It isn't as secure as a crate FOR THE DOG, but it will have to do. My reasons were I can't fit 2 regular airy metal or airline crates side by side without losing the 2nd row for my kids, and I could not find a single crate that had enough room for 2 dogs, excpet for the huge varicrate. With the gate, when I do not have the dogs I can still use the cargo space without having to ask for help moving very heavy crate/s out of truck. The double crate versions of these are very big and very heavy.

But this was the big reason quite frankly, this will only sound awful to people who are not kid people I suppose...but if I am rear ended hard with my kids in the 2nd row, I'd rather the dog flew around than have 2 big heavy crash rated crates slam into the backs of their seats/heads. The passenger area divider gate is very light and secured to headrests with zip ties. My dogs are pretty stay put dogs. The passenger area divider gate is more to keep them off the leather seats. 
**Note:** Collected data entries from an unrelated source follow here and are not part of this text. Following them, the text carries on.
lemma eq_if_increments_dominated:
  fixes D A :: "real \<Rightarrow> real"
  assumes "a \<le> b"
    and mono: "\<And>x y. a \<le> x \<Longrightarrow> x \<le> y \<Longrightarrow> y \<le> b \<Longrightarrow> A x \<le> A y"
    and small: "\<And>\<epsilon>. 0 < \<epsilon> \<Longrightarrow> \<exists>\<delta>>0. \<forall>x y. a \<le> x \<longrightarrow> x \<le> y \<longrightarrow> y \<le> b \<longrightarrow> y - x < \<delta> \<longrightarrow>
                   \<bar>D y - D x\<bar> \<le> \<epsilon> * (A y - A x)"
  shows "D b = D a"
proof -
  have bound: "\<bar>D b - D a\<bar> \<le> \<epsilon> * (A b - A a)" if \<epsilon>: "0 < \<epsilon>" for \<epsilon>
  proof -
    obtain \<delta> where "0 < \<delta>" and \<delta>: "\<forall>x y. a \<le> x \<longrightarrow> x \<le> y \<longrightarrow> y \<le> b \<longrightarrow> y - x < \<delta> \<longrightarrow>
                   \<bar>D y - D x\<bar> \<le> \<epsilon> * (A y - A x)"
      using small[OF \<epsilon>] by blast
    obtain p where p: "p tagged_division_of {a..b}" "(\<lambda>x. ball x (\<delta> / 2)) fine p"
      using fine_division_exists_real[OF gauge_ball[of "\<delta> / 2"]] \<open>0 < \<delta>\<close> by auto
    have step: "\<bar>D (Sup K) - D (Inf K)\<bar> \<le> \<epsilon> * (A (Sup K) - A (Inf K))" if xK: "(x, K) \<in> p" for x K
    proof -
      obtain u v where K: "K = {u..v}" "x \<in> K" "K \<subseteq> {a..b}" "K \<subseteq> ball x (\<delta> / 2)"
        using tagged_division_ofD(2-4)[OF p(1) xK] fineD[OF p(2) xK] by (metis box_real(2))
      then have "u \<in> K" "v \<in> K" "u \<le> v" "a \<le> u" "v \<le> b"
        by auto
      then have "dist x u < \<delta> / 2" "dist x v < \<delta> / 2"
        using K(4) by auto
      then have "v - u < \<delta>"
        by (auto simp: dist_real_def abs_if split: if_splits)
      with \<delta> K(1) \<open>u \<le> v\<close> \<open>a \<le> u\<close> \<open>v \<le> b\<close> show ?thesis by simp
    qed
    have "\<bar>D b - D a\<bar> = \<bar>\<Sum>(x, K)\<in>p. D (Sup K) - D (Inf K)\<bar>"
      using additive_tagged_division_1[OF \<open>a \<le> b\<close> p(1), of D] by simp
    also have "\<dots> \<le> (\<Sum>(x, K)\<in>p. \<bar>D (Sup K) - D (Inf K)\<bar>)"
      by (rule order_trans[OF sum_abs]) (simp add: case_prod_unfold)
    also have "\<dots> \<le> (\<Sum>(x, K)\<in>p. \<epsilon> * (A (Sup K) - A (Inf K)))"
      using step by (intro sum_mono) auto
    also have "\<dots> = \<epsilon> * (A b - A a)"
      using additive_tagged_division_1[OF \<open>a \<le> b\<close> p(1), of A]
      by (simp add: sum_distrib_left[symmetric] case_prod_unfold)
    finally show ?thesis .
  qed
  have "\<bar>D b - D a\<bar> \<le> 0 + \<eta>" if "0 < \<eta>" for \<eta>
  proof -
    have "0 \<le> A b - A a"
      using mono[of a b] \<open>a \<le> b\<close> by simp
    then have "\<eta> / (A b - A a + 1) * (A b - A a) \<le> \<eta>"
      using that by (simp add: field_simps)
    then show ?thesis
      using bound[of "\<eta> / (A b - A a + 1)"] that \<open>0 \<le> A b - A a\<close> by simp
  qed
  then show ?thesis
    using field_le_epsilon[of "\<bar>D b - D a\<bar>" 0] by simp
qed

lemma primitive_onI_approx:
  fixes F f w :: "real \<Rightarrow> real"
  assumes f: "f absolutely_integrable_on {a..b}"
    and w: "w integrable_on {a..b}" "\<And>t. t \<in> {a..b} \<Longrightarrow> 0 \<le> w t"
    and approx: "\<And>\<epsilon>. 0 < \<epsilon> \<Longrightarrow> \<exists>\<delta>>0. \<forall>x y. a \<le> x \<longrightarrow> x \<le> y \<longrightarrow> y \<le> b \<longrightarrow> y - x < \<delta> \<longrightarrow>
                   \<bar>F y - F x - integral {x..y} f\<bar> \<le> \<epsilon> * integral {x..y} w"
  shows "primitive_on a b F f"
  unfolding primitive_on_def
proof (intro conjI allI impI)
  have fi: "f integrable_on {a..b}"
    using f by (rule set_lebesgue_integral_eq_integral(1))
  fix x y assume xy: "a \<le> x" "x \<le> y" "y \<le> b"
  define D where "D t = F t - integral {a..t} f" for t
  define A where "A t = integral {a..t} w" for t
  have A: "A t - A s = integral {s..t} w" and D: "D t - D s = F t - F s - integral {s..t} f"
    if "x \<le> s" "s \<le> t" "t \<le> y" for s t
    using that xy integral_Icc_diff[OF w(1), of s t] integral_Icc_diff[OF fi, of s t]
    by (simp_all add: A_def D_def)
  have "D y = D x"
  proof (rule eq_if_increments_dominated[OF \<open>x \<le> y\<close>])
    fix s t assume "x \<le> s" "s \<le> t" "t \<le> y"
    moreover have "0 \<le> integral {s..t} w"
      using \<open>x \<le> s\<close> \<open>s \<le> t\<close> \<open>t \<le> y\<close> xy w
      by (intro Henstock_Kurzweil_Integration.integral_nonneg integrable_subinterval_real[OF w(1)]) auto
    ultimately show "A s \<le> A t"
      using A by fastforce
  next
    fix \<epsilon> :: real assume "0 < \<epsilon>"
    then obtain \<delta> where "0 < \<delta>" and \<delta>: "\<forall>s t. a \<le> s \<longrightarrow> s \<le> t \<longrightarrow> t \<le> b \<longrightarrow> t - s < \<delta> \<longrightarrow>
                   \<bar>F t - F s - integral {s..t} f\<bar> \<le> \<epsilon> * integral {s..t} w"
      using approx by blast
    show "\<exists>\<delta>>0. \<forall>s t. x \<le> s \<longrightarrow> s \<le> t \<longrightarrow> t \<le> y \<longrightarrow> t - s < \<delta> \<longrightarrow> \<bar>D t - D s\<bar> \<le> \<epsilon> * (A t - A s)"
    proof (intro exI[of _ \<delta>] conjI allI impI)
      fix s t assume st: "x \<le> s" "s \<le> t" "t \<le> y" "t - s < \<delta>"
      then have "a \<le> s" "t \<le> b"
        using xy by linarith+
      with st \<delta> show "\<bar>D t - D s\<bar> \<le> \<epsilon> * (A t - A s)"
        by (simp add: A D)
    qed (fact \<open>0 < \<delta>\<close>)
  qed
  then show "F y - F x = integral {x..y} f"
    using D[of x y] xy by simp
qed (fact f)
lemma deriv_iter_at_mono:
  assumes "regular_derivation d" and "closed P" and "closed Q" and "P \<subseteq> Q"
  shows "deriv_iter_at d r P x \<subseteq> deriv_iter_at d r Q x"
proof (induction x rule: transfinite_induct)
  case (succ x y)
  then show ?case
    using regular_derivation_mono[OF assms(1) closed_deriv_iter_at[OF assms(1,2)]
        closed_deriv_iter_at[OF assms(1,3)]]
    by (simp add: deriv_iter_at_succ)
next
  case (limit x)
  then show ?case
    by (simp add: deriv_iter_at_limit) (blast dest: limit.IH)
qed (use assms(4) in \<open>simp add: deriv_iter_at_bot\<close>)

lemma INT_deriv_iter_at_Un_subset:
  assumes "regular_derivation d\<^sub>1" "regular_derivation d\<^sub>2" "closed P\<^sub>1" "closed P\<^sub>2"
    and "S \<subseteq> Field r"
  shows "(\<Inter>s\<in>S. deriv_iter_at d\<^sub>1 r P\<^sub>1 s \<union> deriv_iter_at d\<^sub>2 r P\<^sub>2 s)
    \<subseteq> (\<Inter>s\<in>S. deriv_iter_at d\<^sub>1 r P\<^sub>1 s) \<union> (\<Inter>s\<in>S. deriv_iter_at d\<^sub>2 r P\<^sub>2 s)"
proof (rule INT_Un_subset_of_chain)
  fix s t assume "s \<in> S" "t \<in> S"
  with assms(5) have "(s, t) \<in> r \<or> (t, s) \<in> r"
    using TOTALS by blast
  then show "deriv_iter_at d\<^sub>1 r P\<^sub>1 s \<subseteq> deriv_iter_at d\<^sub>1 r P\<^sub>1 t \<and>
      deriv_iter_at d\<^sub>2 r P\<^sub>2 s \<subseteq> deriv_iter_at d\<^sub>2 r P\<^sub>2 t \<or>
    deriv_iter_at d\<^sub>1 r P\<^sub>1 t \<subseteq> deriv_iter_at d\<^sub>1 r P\<^sub>1 s \<and>
      deriv_iter_at d\<^sub>2 r P\<^sub>2 t \<subseteq> deriv_iter_at d\<^sub>2 r P\<^sub>2 s"
    using deriv_iter_at_antimono[OF assms(1,3)] deriv_iter_at_antimono[OF assms(2,4)] by blast
qed

lemma deriv_iter_at_Un:
  assumes "regular_derivation d" and "closed P" and "closed Q"
  shows "deriv_iter_at d r (P \<union> Q) x \<subseteq> deriv_iter_at d r P x \<union> deriv_iter_at d r Q x"
proof (induction x rule: transfinite_induct)
  case (zero x)
  then show ?case
    by (simp add: deriv_iter_at_bot)
next
  case (succ x y)
  have closed: "closed (deriv_iter_at d r P y)" "closed (deriv_iter_at d r Q y)"
    "closed (deriv_iter_at d r (P \<union> Q) y)"
    using closed_deriv_iter_at[OF assms(1)] assms(2,3) by blast+
  have "d (deriv_iter_at d r (P \<union> Q) y) \<subseteq> d (deriv_iter_at d r P y \<union> deriv_iter_at d r Q y)"
    using regular_derivation_mono[OF assms(1) closed(3) _ succ.IH] closed(1,2) by blast
  also have "\<dots> \<subseteq> d (deriv_iter_at d r P y) \<union> d (deriv_iter_at d r Q y)"
    using regular_derivation_Un[OF assms(1) closed(1,2)] .
  finally show ?case
    by (simp add: deriv_iter_at_succ[OF succ.hyps(1)])
next
  case (limit x)
  then have "deriv_iter_at d r (P \<union> Q) x
      \<subseteq> (\<Inter>s\<in>underS x. deriv_iter_at d r P s \<union> deriv_iter_at d r Q s)"
    by (auto simp: deriv_iter_at_limit)
  also have "\<dots> \<subseteq> deriv_iter_at d r P x \<union> deriv_iter_at d r Q x"
    using INT_deriv_iter_at_Un_subset[OF assms(1,1,2,3) Order_Relation.underS_Field] limit.hyps
    by (simp add: deriv_iter_at_limit)
  finally show ?case .
qed

lemma regular_derivation_deriv_iter_at:
  "regular_derivation d \<Longrightarrow> regular_derivation (\<lambda>P. deriv_iter_at d r P x)"
  unfolding regular_derivation_def[of "\<lambda>P. deriv_iter_at d r P x"] derivation_def
  by (simp add: closed_deriv_iter_at deriv_iter_at_subset deriv_iter_at_mono deriv_iter_at_Un)

end

section \<open>The well-order of exponents and iterates along it\<close>

definition fin_supp_on :: "'a set \<Rightarrow> ('a \<Rightarrow> nat) set" where
  "fin_supp_on S = {f. finite {x. f x \<noteq> 0} \<and> {x. f x \<noteq> 0} \<subseteq> S}"

lemma fin_supp_eq_fin_supp_on: "fin_supp r = fin_supp_on (Field r)"
  unfolding fin_supp_def fin_supp_on_def by blast

lemma zero_in_fin_supp_on [simp]: "0 \<in> fin_supp_on S"
  by (simp add: fin_supp_on_def)

lemma add_in_fin_supp_on:
  assumes "f \<in> fin_supp_on S" and "g \<in> fin_supp_on S"
  shows "f + g \<in> fin_supp_on S"
proof -
  have "{x. (f + g) x \<noteq> 0} = {x. f x \<noteq> 0} \<union> {x. g x \<noteq> 0}"
    by auto
  with assms show ?thesis
    by (simp add: fin_supp_on_def)
qed

lemma fin_supp_on_mono: "S \<subseteq> T \<Longrightarrow> fin_supp_on S \<subseteq> fin_supp_on T"
  by (auto simp: fin_supp_on_def)

lemma fin_supp_on_empty: "fin_supp_on {} = {0}"
  by (auto simp: fin_supp_on_def fun_eq_iff)

context wo_rel
begin

lemma aboveS_subset_aboveS: "(x, y) \<in> r \<Longrightarrow> aboveS y \<subseteq> aboveS x"
  using TRANS ANTISYM unfolding aboveS_def trans_def antisym_def by blast

lemma finite_has_max:
  assumes "finite S" and "S \<noteq> {}" and "S \<subseteq> Field r"
  shows "\<exists>m. is_max r S m"
  using assms
proof (induction S rule: finite_ne_induct)
  case (singleton x)
  then show ?case
    using REFL by (auto simp: is_max_def refl_on_def)
next
  case (insert x S)
  then obtain m where m: "is_max r S m"
    by blast
  then have "x \<in> Field r" "m \<in> Field r"
    using insert.prems by (auto simp: is_max_def)
  then consider "(x, m) \<in> r" | "(m, x) \<in> r"
    using TOTALS by blast
  then show ?case
  proof cases
    case 1
    with m have "is_max r (insert x S) m"
      by (simp add: is_max_def)
    then show ?thesis ..
  next
    case 2
    with m \<open>x \<in> Field r\<close> have "is_max r (insert x S) x"
      using REFL TRANS unfolding is_max_def refl_on_def trans_def by blast
    then show ?thesis ..
  qed
qed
Sometimes with kids and dogs and lots of planned fun trips you just have to do what is the least bad lol

My set up. In addition to varigate I have a horse stall mat I have to pick up from the farm supply store, a reflective tarp made specifically for keeping kennels and cars cooler, and a Ryobi 18 v fan that is great. Bought an extra rechargeable battery for it as well. Ready for the summer:


----------



## CometDog (Aug 22, 2017)

Oh and yes I did check with Honda. The limit for each anchor is 65 pounds minus gear weight. The crash crate is 82 pounds and dogs are 85 and 60 pounds. So almost a full 100lbs over what the cars say the anchors can handle. So all that came into play.


----------



## Thecowboysgirl (Nov 30, 2006)

My small horse rides in a 700 Impact ? I had a truck already so he has his own apartment in the cap.


----------